** SUPPLIED RECORDS follows **
lemma lookup_mult_leading:
  fixes f g :: "'a::cancel_comm_monoid_add \<Rightarrow>\<^sub>0 'b::semiring_0"
    and \<psi> :: "'a \<Rightarrow> 'c::linordered_cancel_ab_semigroup_add"
  assumes "inj \<psi>" and \<psi>_add: "\<And>a b. \<psi> (a + b) = \<psi> a + \<psi> b"
    and "\<And>p. p \<in> Poly_Mapping.keys f \<Longrightarrow> \<psi> p \<le> \<psi> a"
    and "\<And>q. q \<in> Poly_Mapping.keys g \<Longrightarrow> \<psi> q \<le> \<psi> b"
  shows "Poly_Mapping.lookup (f * g) (a + b) = Poly_Mapping.lookup f a * Poly_Mapping.lookup g b"
proof (rule lookup_mult_unique_decomp)
  fix p q assume p: "p \<in> Poly_Mapping.keys f" and q: "q \<in> Poly_Mapping.keys g" and "p + q = a + b"
  then have sum: "\<psi> p + \<psi> q = \<psi> a + \<psi> b"
    by (simp flip: \<psi>_add)
  have "\<psi> p = \<psi> a"
  proof (rule ccontr)
    assume "\<psi> p \<noteq> \<psi> a"
    with assms(3)[OF p] assms(4)[OF q] have "\<psi> p + \<psi> q < \<psi> a + \<psi> b"
      by (simp add: add_less_le_mono)
    with sum show False by simp
  qed
  with \<open>p + q = a + b\<close> \<open>inj \<psi>\<close> show "p = a \<and> q = b"
    by (simp add: inj_eq)
qed

lemma mpoly_mult_nonzero:
  fixes f g :: "('v::finite, 'k::idom) mpoly"
  assumes "f \<noteq> 0" "g \<noteq> 0"
  shows "f * g \<noteq> 0"
proof -
  obtain \<iota> :: "'v \<Rightarrow> nat" where "inj \<iota>"
    using finite_imp_inj_to_nat_seg[of "UNIV :: 'v set"] by auto
  txt \<open>\<open>\<psi>\<close> embeds the exponent monoid into \<open>nat \<Rightarrow>\<^sub>0 nat\<close>, which the library orders linearly
    (lexicographically) and compatibly with addition; leading terms then exist.\<close>
  define \<psi> :: "('v \<Rightarrow>\<^sub>0 nat) \<Rightarrow> (nat \<Rightarrow>\<^sub>0 nat)"
    where "\<psi> a = (\<Sum>v\<in>UNIV. Poly_Mapping.single (\<iota> v) (Poly_Mapping.lookup a v))" for a
  have "Poly_Mapping.lookup (\<psi> a) (\<iota> v) = Poly_Mapping.lookup a v" for a v
    using \<open>inj \<iota>\<close> by (simp add: \<psi>_def lookup_sum lookup_single when_def inj_eq)
  then have "inj \<psi>"
    by (metis injI poly_mapping_eqI)
  have \<psi>_add: "\<psi> (a + b) = \<psi> a + \<psi> b" for a b
    by (simp add: \<psi>_def lookup_add single_add sum.distrib)
  have "\<exists>m\<in>Poly_Mapping.keys h. \<forall>p\<in>Poly_Mapping.keys h. \<psi> p \<le> \<psi> m" if "h \<noteq> 0" for h :: "('v, 'k) mpoly"
  proof -
    have "Max (\<psi> ` Poly_Mapping.keys h) \<in> \<psi> ` Poly_Mapping.keys h"
      using that by (intro Max_in) auto
    then obtain m where "Max (\<psi> ` Poly_Mapping.keys h) = \<psi> m" "m \<in> Poly_Mapping.keys h"
      by (rule imageE)
    moreover have "\<psi> p \<le> Max (\<psi> ` Poly_Mapping.keys h)" if "p \<in> Poly_Mapping.keys h" for p
      using that by (intro Max_ge) auto
    ultimately show ?thesis by metis
  qed
  then obtain a b where "a \<in> Poly_Mapping.keys f" "\<forall>p\<in>Poly_Mapping.keys f. \<psi> p \<le> \<psi> a"
    and "b \<in> Poly_Mapping.keys g" "\<forall>q\<in>Poly_Mapping.keys g. \<psi> q \<le> \<psi> b"
    using assms by meson
  with lookup_mult_leading[OF \<open>inj \<psi>\<close> \<psi>_add, of f a g b]
  have "Poly_Mapping.lookup (f * g) (a + b) \<noteq> 0"
    by (simp add: in_keys_iff)
  then show ?thesis by auto
qed

lemma lookup_monom_mult:
  "Poly_Mapping.lookup (monom m * f) (m + a) = Poly_Mapping.lookup (f :: ('v, 'k::comm_ring_1) mpoly) a"
  by (subst lookup_mult_unique_decomp) auto

lemma keys_monom_mult:
  "Poly_Mapping.keys (monom m * (f :: ('v, 'k::comm_ring_1) mpoly)) = (+) m ` Poly_Mapping.keys f"
proof
  show "Poly_Mapping.keys (monom m * f) \<subseteq> (+) m ` Poly_Mapping.keys f"
    using keys_mult[of "monom m" f] by auto
  show "(+) m ` Poly_Mapping.keys f \<subseteq> Poly_Mapping.keys (monom m * f)"
    by (auto simp: in_keys_iff lookup_monom_mult)
qed

lemma card_keys_cancel_term:
  fixes f :: "('v, 'k::comm_ring_1) mpoly"
  assumes "b \<in> Poly_Mapping.keys f"
  shows "card (Poly_Mapping.keys (monom a * f - Poly_Mapping.single (a + b) (Poly_Mapping.lookup f b)))
    < card (Poly_Mapping.keys f)"
proof -
  let ?h = "Poly_Mapping.single (a + b) (Poly_Mapping.lookup f b) :: ('v, 'k) mpoly"
  have "Poly_Mapping.lookup (monom a * f - ?h) (a + b) = 0"
    by (simp add: lookup_minus lookup_monom_mult)
  then have "Poly_Mapping.keys (monom a * f - ?h) \<subset> Poly_Mapping.keys (monom a * f)"
    using keys_add[of "monom a * f" "- ?h"] assms by (auto simp: keys_monom_mult in_keys_iff)
  then have "card (Poly_Mapping.keys (monom a * f - ?h)) < card (Poly_Mapping.keys (monom a * f))"
    by (simp add: psubset_card_mono)
  also have "\<dots> = card (Poly_Mapping.keys f)"
    by (simp add: keys_monom_mult card_image)
  finally show ?thesis .
qed

lemma mult_monom_mem_supp_ideal_iff:
  "(f :: ('v, 'k::comm_ring_1) mpoly) * monom m \<in> supp_ideal E \<longleftrightarrow> (\<forall>a\<in>Poly_Mapping.keys f. m + a \<in> E)"
  by (auto simp: supp_ideal_def mult.commute[of f] keys_monom_mult)

lemma colon_diff_mem:
  assumes "is_ideal J" "h \<in> J"
  shows "{r. r * (f - h) \<in> J} = {r. r * f \<in> J}"
proof -
  have "r * (f - h) \<in> J \<longleftrightarrow> r * f \<in> J" for r
    using ideal_diff[OF assms(1) _ ideal_mult_left[OF assms], of "r * f" r]
      ideal_add[OF assms(1) _ ideal_mult_left[OF assms], of "r * (f - h)" r]
    by (auto simp: algebra_simps)
  then show ?thesis by blast
qed

lemma prime_colon_mult:
  assumes "is_prime_ideal P" "P = {r. r * f \<in> J}" "g \<notin> P"
  shows "P = {r. r * (g * f) \<in> J}"
proof -
  have "r * g \<in> P \<longleftrightarrow> r \<in> P" for r
    using assms(1,3) ideal_mult_right[of P r g] unfolding is_prime_ideal_def by blast
  then show ?thesis
    using assms(2) by (auto simp: mult.assoc)
qed

subsection \<open>Monomial primes\<close>

definition prime_exps :: "'v set \<Rightarrow> ('v \<Rightarrow>\<^sub>0 nat) set" where
  "prime_exps A = {a. Poly_Mapping.keys a \<inter> A \<noteq> {}}"

text \<open>The ideal \<open>(x\<^sub>i : i \<in> A)\<close>.\<close>
definition monomial_prime :: "'v set \<Rightarrow> ('v, 'k::comm_ring_1) mpoly set" where
  "monomial_prime A = supp_ideal (prime_exps A)"

lemma keys_add_nat: "Poly_Mapping.keys (a + b) = Poly_Mapping.keys a \<union> Poly_Mapping.keys (b :: 'a \<Rightarrow>\<^sub>0 nat)"
  by (auto simp: in_keys_iff lookup_add)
** End of SUPPLIED RECORDS **
(EXERCISE AIM): Looking at the records above, count the lines where the word "noteq" appears. State only the number.

(COMPLETED TASK): 6